Please note, these controls apply to all internet-connected devices that access your data, including those not owned by your organisation (BYOD). If all devices that access your data meet these requirements it is likely that you would be a good position to certify to Cyber Essentials
You will need to ensure that your office firewalls, and Wi-Fi routers for home workers, are secure. Other requirements include changing default passwords on network equipment (here’s some good advice you can show to your users) and ensuring that these devices are supported and their firmware updated.
Requirements to securely configure devices include removing software and user accounts which are no longer in use, and ensuring passwords are strong. Contrary to common advice, it is no longer considered secure to require users to regularly change passwords.

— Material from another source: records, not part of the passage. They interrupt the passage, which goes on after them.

definition agree_at :: "'a set set \<Rightarrow> 'a set \<Rightarrow> ('a \<times> 'a) set \<Rightarrow> ('a \<times> 'a) set \<Rightarrow> bool" where
  "agree_at E B D D' \<longleftrightarrow>
     (\<forall>u v. {u, v} \<in> E \<and> (u \<in> B \<or> v \<in> B) \<longrightarrow> ((u, v) \<in> D \<longleftrightarrow> (u, v) \<in> D'))"

lemma simple_graph_edgeD:
  assumes "simple_graph V E" "{u, v} \<in> E"
  shows "u \<noteq> v" "u \<in> V" "v \<in> V"
proof -
  obtain a b where "a \<noteq> b" "a \<in> V" "b \<in> V" "{u, v} = {a, b}"
    using assms unfolding simple_graph_def by blast
  then show "u \<noteq> v" "u \<in> V" "v \<in> V" by (auto simp: doubleton_eq_iff)
qed

lemma neighbours_subset: "simple_graph V E \<Longrightarrow> neighbours E w \<subseteq> V"
  unfolding neighbours_def using simple_graph_edgeD(3)[of V E w] by blast

lemma orientation_arcD: "orientation E D \<Longrightarrow> (u, v) \<in> D \<Longrightarrow> {u, v} \<in> E \<and> u \<noteq> v"
  unfolding orientation_def by auto

lemma orientation_converse_iff:
  "orientation E D \<Longrightarrow> {u, v} \<in> E \<Longrightarrow> u \<noteq> v \<Longrightarrow> (u, v) \<in> D \<longleftrightarrow> (v, u) \<notin> D"
  unfolding orientation_def by blast

lemma orientations_agree_converse:
  assumes "orientation E D" "orientation E D'" "{u, v} \<in> E"
  shows "((v, u) \<in> D \<longleftrightarrow> (v, u) \<in> D') \<longleftrightarrow> ((u, v) \<in> D \<longleftrightarrow> (u, v) \<in> D')"
proof (cases "u = v")
  case False
  have "{v, u} \<in> E" using assms(3) by (simp add: insert_commute)
  then show ?thesis
    using False orientation_converse_iff[OF assms(1)] orientation_converse_iff[OF assms(2)] by blast
qed simp

lemma invert_iff:
  "(u, v) \<in> invert X D \<longleftrightarrow> (if u \<in> X \<and> v \<in> X then (v, u) \<in> D else (u, v) \<in> D)"
  unfolding invert_def by auto

lemma orientation_invert:
  assumes "orientation E D"
  shows "orientation E (invert X D)"
  unfolding orientation_def
proof (intro conjI allI impI ballI)
  fix a assume "a \<in> invert X D"
  then obtain u v where a: "a = (u, v)" and "(u, v) \<in> D \<or> (v, u) \<in> D"
    by (cases a) (auto simp: invert_iff split: if_splits)
  then show "case a of (u, v) \<Rightarrow> {u, v} \<in> E \<and> u \<noteq> v"
    using orientation_arcD[OF assms, of u v] orientation_arcD[OF assms, of v u]
    by (auto simp: insert_commute)
next
  fix u v assume uv: "{u, v} \<in> E \<and> u \<noteq> v"
  then have "{v, u} \<in> E" by (simp add: insert_commute)
  then have "(u, v) \<in> D \<longleftrightarrow> (v, u) \<notin> D" "(v, u) \<in> D \<longleftrightarrow> (u, v) \<notin> D"
    using uv orientation_converse_iff[OF assms] by blast+
  then show "(u, v) \<in> invert X D \<longleftrightarrow> (v, u) \<notin> invert X D"
    by (simp add: invert_iff)
qed

lemma invert_seq_snoc: "invert_seq (Xs @ [X]) D = invert X (invert_seq Xs D)"
  by (simp add: invert_seq_def)

lemma orientation_invert_seq: "orientation E D \<Longrightarrow> orientation E (invert_seq Xs D)"
  by (induction Xs arbitrary: D) (simp_all add: invert_seq_def orientation_invert)

lemma agree_atD:
  "agree_at E B D D' \<Longrightarrow> {u, v} \<in> E \<Longrightarrow> u \<in> B \<or> v \<in> B \<Longrightarrow> (u, v) \<in> D \<longleftrightarrow> (u, v) \<in> D'"
  unfolding agree_at_def by (elim allE impE) auto

lemma vertex_coverD: "vertex_cover E B \<Longrightarrow> {u, v} \<in> E \<Longrightarrow> u \<in> B \<or> v \<in> B"
proof -
  assume "vertex_cover E B" "{u, v} \<in> E"
  then have "{u, v} \<inter> B \<noteq> {}" unfolding vertex_cover_def by (rule bspec)
  then show ?thesis by auto
qed

lemma orientations_eq_if_agree_at_vertex_cover:
  assumes D: "orientation E D" and D': "orientation E D'"
    and agree: "agree_at E B D D'" and cover: "vertex_cover E B"
  shows "D = D'"
proof -
  have "(u, v) \<in> D \<longleftrightarrow> (u, v) \<in> D'" for u v
  proof (cases "{u, v} \<in> E")
    case True
    then show ?thesis using agree_atD[OF agree] vertex_coverD[OF cover] by blast
  next
    case False
    then show ?thesis using orientation_arcD[OF D, of u v] orientation_arcD[OF D', of u v] by blast
  qed
  then show ?thesis by auto
qed

lemma agree_at_insert_by_inversion:
  assumes G: "simple_graph V E" and D: "orientation E D" and D': "orientation E D'"
    and agree: "agree_at E B D D'" and w: "w \<in> V" "w \<notin> B"
    and deg: "card (neighbours E w - B) \<le> k"
  obtains X where "X \<subseteq> V" "card X \<le> k + 1" "agree_at E (insert w B) (invert X D) D'"
proof
  define S where "S = {u \<in> neighbours E w - B. (w, u) \<in> D \<longleftrightarrow> (w, u) \<notin> D'}"
  define X where "X = insert w S"
  have S_sub: "S \<subseteq> neighbours E w - B" unfolding S_def by blast
  have "finite (neighbours E w - B)"
    using G neighbours_subset[OF G] unfolding simple_graph_def by (meson finite_Diff finite_subset)
  then have "finite S" "card S \<le> k" using finite_subset[OF S_sub] card_mono[OF _ S_sub] deg by auto
  then show "card X \<le> k + 1" unfolding X_def by (simp add: card_insert_if)
  show "X \<subseteq> V" unfolding X_def using w(1) S_sub neighbours_subset[OF G] by blast
  have XB: "X \<inter> B = {}" unfolding X_def using w(2) S_sub by blast
  have B_edges: "(u, v) \<in> invert X D \<longleftrightarrow> (u, v) \<in> D'" if "{u, v} \<in> E" "u \<in> B \<or> v \<in> B" for u v
  proof -
    have "\<not> (u \<in> X \<and> v \<in> X)" using that(2) XB by blast
    then show ?thesis using agree_atD[OF agree that] by (auto simp: invert_iff)
  qed
  have w_edges: "(w, v) \<in> invert X D \<longleftrightarrow> (w, v) \<in> D'" if "{w, v} \<in> E" for v
  proof (cases "v \<in> B")
    case False
    have "v \<noteq> w" using simple_graph_edgeD(1)[OF G that] by simp
    moreover have "v \<in> neighbours E w" using that unfolding neighbours_def by simp
    moreover have "(w, v) \<in> D \<longleftrightarrow> (v, w) \<notin> D"
      using orientation_converse_iff[OF D that] simple_graph_edgeD(1)[OF G that] by simp
    ultimately show ?thesis using False unfolding X_def S_def by (auto simp: invert_iff)
  qed (use B_edges that in blast)
  show "agree_at E (insert w B) (invert X D) D'"
    unfolding agree_at_def
  proof (intro allI impI)
    fix u v assume uv: "{u, v} \<in> E \<and> (u \<in> insert w B \<or> v \<in> insert w B)"
    then consider "u \<in> B \<or> v \<in> B" | "u = w" | "v = w" by blast
    then show "(u, v) \<in> invert X D \<longleftrightarrow> (u, v) \<in> D'"
    proof cases
      case 1
      then show ?thesis using uv B_edges by blast
    next
      case 2
      then show ?thesis using uv w_edges by blast
    next
      case 3
      then have "{w, u} \<in> E" using uv by (simp add: insert_commute)
      then show ?thesis
        using w_edges orientations_agree_converse[OF orientation_invert[OF D] D'] 3 by blast
    qed
  qed
qed

lemma degenerate_ordering_later_neighbours:
  assumes G: "simple_graph V E" and ord: "degenerate_ordering k V E vs" and i: "i < length vs"
  shows "card (neighbours E (vs ! i) - set (take i vs)) \<le> k"
proof -
  define J where "J = {j. i < j \<and> j < length vs \<and> {vs ! i, vs ! j} \<in> E}"
  have "finite J" unfolding J_def by (rule finite_subset[of _ "{..<length vs}"]) auto
  have "neighbours E (vs ! i) - set (take i vs) \<subseteq> (!) vs ` J"
  proof
    fix u assume u: "u \<in> neighbours E (vs ! i) - set (take i vs)"
    then have uE: "{vs ! i, u} \<in> E" unfolding neighbours_def by simp
    then have "u \<in> set vs" using simple_graph_edgeD(3)[OF G] ord unfolding degenerate_ordering_def by blast
    then obtain j where j: "j < length vs" "u = vs ! j" by (auto simp: in_set_conv_nth)
    have "j \<noteq> i" using simple_graph_edgeD(1)[OF G uE] j by auto
    moreover have "\<not> j < i"
    proof
      assume "j < i"
      then have "u \<in> set (take i vs)" using j by (auto simp: in_set_conv_nth intro!: exI[of _ j])
      then show False using u by simp
    qed
    ultimately show "u \<in> (!) vs ` J" unfolding J_def using j uE by auto
  qed
  then have "card (neighbours E (vs ! i) - set (take i vs)) \<le> card J"
    using card_mono[OF finite_imageI[OF \<open>finite J\<close>]] card_image_le[OF \<open>finite J\<close>] le_trans by blast
  also have "card J \<le> k" using ord i unfolding degenerate_ordering_def J_def by blast
  finally show ?thesis .
qed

It is important that all apps and operating systems are supported by their manufacturers and are kept updated. This ensures that they are protected against known vulnerabilities. Use of an MDM (mobile device management) tool can help put you in control of patching on your network.
Everyone needs a unique user account to access your organisation’s data. You must also ensure that users only have access to the data they need according to their role. Data access permissions must be managed when a user changes roles, while the use and provisioning of administrative accounts must be controlled.

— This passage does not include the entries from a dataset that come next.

text \<open>A coordinate valuation reveals its resource J as the unit vector on which it equals 1.\<close>
definition demand_bid :: "valuation \<Rightarrow> bidvec" where
  "demand_bid v = (\<lambda>j. if j < m \<and> v (\<lambda>k. if k = j then 1 else 0) = 1 then s * \<sigma>^2 else 0)"

definition spread_bid :: bidvec where
  "spread_bid = (\<lambda>j. if j < m then \<sigma>^2 else 0)"

definition strategy :: "nat \<Rightarrow> valuation \<Rightarrow> bidvec pmf" where
  "strategy i v = return_pmf (if i = 0 then demand_bid v else spread_bid)"

definition prior :: "nat \<Rightarrow> valuation pmf" where
  "prior i = (if i = 0 then map_pmf coordinate_valuation (pmf_of_set {..<m})
              else return_pmf (leontief_valuation m s))"

definition profile :: "valuation \<Rightarrow> nat \<Rightarrow> valuation" where
  "profile y = (\<lambda>i. if i = 0 then y else if i = 1 then leontief_valuation m s else (\<lambda>_. 0))"

definition bids :: "valuation \<Rightarrow> nat \<Rightarrow> bidvec" where
  "bids y = (\<lambda>i. if i < 2 then (if i = 0 then demand_bid y else spread_bid) else (\<lambda>_. 0))"

lemma vdist_prior: "vdist 2 prior = map_pmf profile (prior 0)"
  by (subst vdist_two_agents[where w = "leontief_valuation m s"])
     (auto simp: prior_def profile_def[abs_def])

lemma vdist_prior_update_0: "vdist 2 (prior(0 := return_pmf y)) = return_pmf (profile y)"
  by (subst vdist_two_agents[where w = "leontief_valuation m s"])
     (auto simp: prior_def profile_def[abs_def])

lemma bdist_strategy: "bdist 2 strategy v = return_pmf (bids (v 0))"
  unfolding strategy_def[abs_def] bdist_return_pmf by (auto simp: bids_def fun_eq_iff)

lemma bids_profile: "bids (profile y 0) = bids y"
  by (simp add: profile_def)

lemma set_pmf_prior_0: "set_pmf (prior 0) = coordinate_valuation ` {..<m}"
  using lessThan_m_nonempty by (simp add: prior_def)

lemma expectation_prior:
  "measure_pmf.expectation (vdist 2 prior) f = (\<Sum>J<m. f (profile (coordinate_valuation J))) / real m"
  unfolding vdist_prior using lessThan_m_nonempty by (simp add: prior_def integral_pmf_of_set)

lemma bids_coordinate_valuation:
  "J < m \<Longrightarrow> bids (coordinate_valuation J) 0 = (\<lambda>j. if j = J then s * \<sigma>^2 else 0)"
  by (auto simp: bids_def demand_bid_def coordinate_valuation_def fun_eq_iff)

text \<open>Stated with Suc 0, the simp normal form of 1 :: nat.\<close>
lemma bids_Suc_0: "bids y (Suc 0) = spread_bid"
  by (simp add: bids_def)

Protection against malware is required on all devices where it is available, including for Macs. The anti-malware software needs to check for updates at least once every 24 hours, and it must protect against malicious websites. Mobile devices must not be compromised by jail-breaking or rooting.
Cyber Essentials is a self-assessment demonstrating a company’s ability to protect itself against common cyber attacks. It provides guidance on how to securely configure your devices and the accounts used to access them.

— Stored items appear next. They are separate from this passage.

definition admissible :: "real \<Rightarrow> real \<Rightarrow> (real \<Rightarrow> real \<times> real) \<Rightarrow> bool" where
  "admissible x0 L c \<longleftrightarrow>
     smooth_on_ivl {0..2*L} c \<and>
     (\<forall>s\<in>{0..2*L}. Ds L c s \<noteq> 0) \<and>
     (\<forall>s\<in>{0..2*L}. curvature L c s > 0) \<and>
     inj_on c {0..2*L} \<and>
     c 0 = (x0, 0) \<and> c (2*L) = (- x0, 0) \<and>
     (\<forall>s\<in>{0<..<2*L}. snd (c s) > 0)"

definition area :: "real \<Rightarrow> (real \<Rightarrow> real \<times> real) \<Rightarrow> real" where
  "area L c = 1/2 * integral {0..2*L}
      (\<lambda>s. fst (c s) * snd (Ds L c s) - fst (Ds L c s) * snd (c s))"

definition Fenergy :: "real \<Rightarrow> (real \<Rightarrow> real \<times> real) \<Rightarrow> real" where
  "Fenergy L c = integral {0..2*L} (\<lambda>s. norm (Ds L c s) / curvature L c s)"

definition gamma_sig :: "real \<Rightarrow> real \<Rightarrow> real" where
  "gamma_sig x0 L = pi * sqrt (x0 / (L + x0))"

definition gamma_k :: "real \<Rightarrow> real \<Rightarrow> real" where
  "gamma_k x0 L = L / sin (gamma_sig x0 L)"

definition gamma_curve :: "real \<Rightarrow> real \<Rightarrow> real \<Rightarrow> real \<times> real" where
  "gamma_curve x0 L s =
    (let \<sigma> = gamma_sig x0 L; k = gamma_k x0 L; a = arcsin ((s - L) / k) in
     (- k/2 * (\<sigma>/(pi+\<sigma>) * sin ((pi+\<sigma>)/\<sigma> * a) + \<sigma>/(pi-\<sigma>) * sin ((pi-\<sigma>)/\<sigma> * a)),
        k/2 * (\<sigma>/(pi+\<sigma>) * cos ((pi+\<sigma>)/\<sigma> * a) + \<sigma>/(pi-\<sigma>) * cos ((pi-\<sigma>)/\<sigma> * a))
        + pi * x0 / (\<sigma> * tan \<sigma>)))"

definition lam :: "real \<Rightarrow> real \<Rightarrow> real" where
  "lam x0 L = 2 * L / (L + x0)"

end

theory Submission
  imports Defs
begin

text \<open>Along the variation, \<open>F - \<lambda> A\<close> is the integral of a density in the jet of \<open>V\<close>
  (the integrand \<open>|c'| / H\<close> of \<open>F\<close> equals \<open>|c'|\<^sup>4 / (c' \<times> c'')\<close>), so it can be differentiated
  twice under the integral sign. At \<open>t = 0\<close> the second derivative of the density is expanded in
  the Frenet frame of \<open>\<gamma>\<close>, where \<open>T' = -H N\<close> and \<open>N' = H T\<close>. Because \<open>H\<close> satisfies the
  Euler--Lagrange equation \<open>H'' = 3 H'\<^sup>2 / H + (2 - \<lambda>) H\<^sup>3 / 2\<close>, it differs from the quadratic form
  in \<open>\<phi>\<close> by an exact derivative, whose boundary values reduce to \<open>\<psi>' / H\<^sup>2\<close> since the end points
  stay fixed. Finally, all curves lie in the upper half plane, so the vertical component of the
  tangent at \<open>s = 0\<close> is minimal at \<open>t = 0\<close> (maximal at \<open>s = 2L\<close>); its second \<open>t\<close>-derivative is
  \<open>-\<psi>'\<close>, which gives \<open>\<psi>'(0) \<le> 0 \<le> \<psi>'(2L)\<close>.\<close>

section \<open>Planar vectors and one-variable calculus\<close>

definition cross2 :: "real \<times> real \<Rightarrow> real \<times> real \<Rightarrow> real" where
  "cross2 a b = fst a * snd b - snd a * fst b"

lemma inner_prod_eq: "inner a b = fst a * fst b + snd a * snd (b :: real \<times> real)"
  by (simp add: inner_prod_def)

lemma inner_perp: "inner a (perp b) = cross2 a b"
  by (simp add: inner_prod_eq perp_def cross2_def)

lemma has_real_derivative_fst:
  "(f has_vector_derivative f') F \<Longrightarrow> ((\<lambda>x. fst (f x)) has_real_derivative fst f') F"
  unfolding has_vector_derivative_def has_field_derivative_def
  by (drule has_derivative_fst) (simp add: mult_commute_abs)

lemma has_real_derivative_snd:
  "(f has_vector_derivative f') F \<Longrightarrow> ((\<lambda>x. snd (f x)) has_real_derivative snd f') F"
  unfolding has_vector_derivative_def has_field_derivative_def
  by (drule has_derivative_snd) (simp add: mult_commute_abs)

Cyber Essentials Plus offers additional integrity, requiring an external body, such as Forensic Control, to conduct a technical verification of the security of your devices.
Any device accessing your data, email or services (including services such as Microsoft 365 or Google Workspace) or remote desktop services, (e.g., Citrix, VDI, RDP) is in scope and must comply with the Cyber Essentials standard. This includes devices owned by the organisation and devices owned by staff (BYOD). Devices which don’t directly connect to the internet are not in scope.
It largely depends on how quickly you can respond to our requests for information, and your lead time in making any required configuration changes. We aim to reply to your emails/calls on the same day. We’ve found that applicants take anywhere between 1 week and a couple of months to certify to Cyber Essentials.
Cyber Essentials seeks to protect an organisation’s data by securing the devices which access that data. The employment status of the people who use devices to access your data doesn’t matter, whether employed, contractors, interns or temps. If they access your data then their devices will be in scope and will need to be secured to the Cyber Essentials standard.
Cyber Essentials is a point in time certification – it assesses your organisation as it is on the day that you submit your responses. If staff are currently home based then they will be considered as home workers.
Home routers are not in scope if all access to organisational data is routed through the company firewall via a VPN. If this is not the case, then home routers are in scope, though they will not be subject to checks; their compliance can be achieved with a home working policy
Cyber Essentials and Cyber Essentials Plus certifications are valid for 12 months. By re-certifying annually, this ensure that organisations are still secure against emerging cyber threats.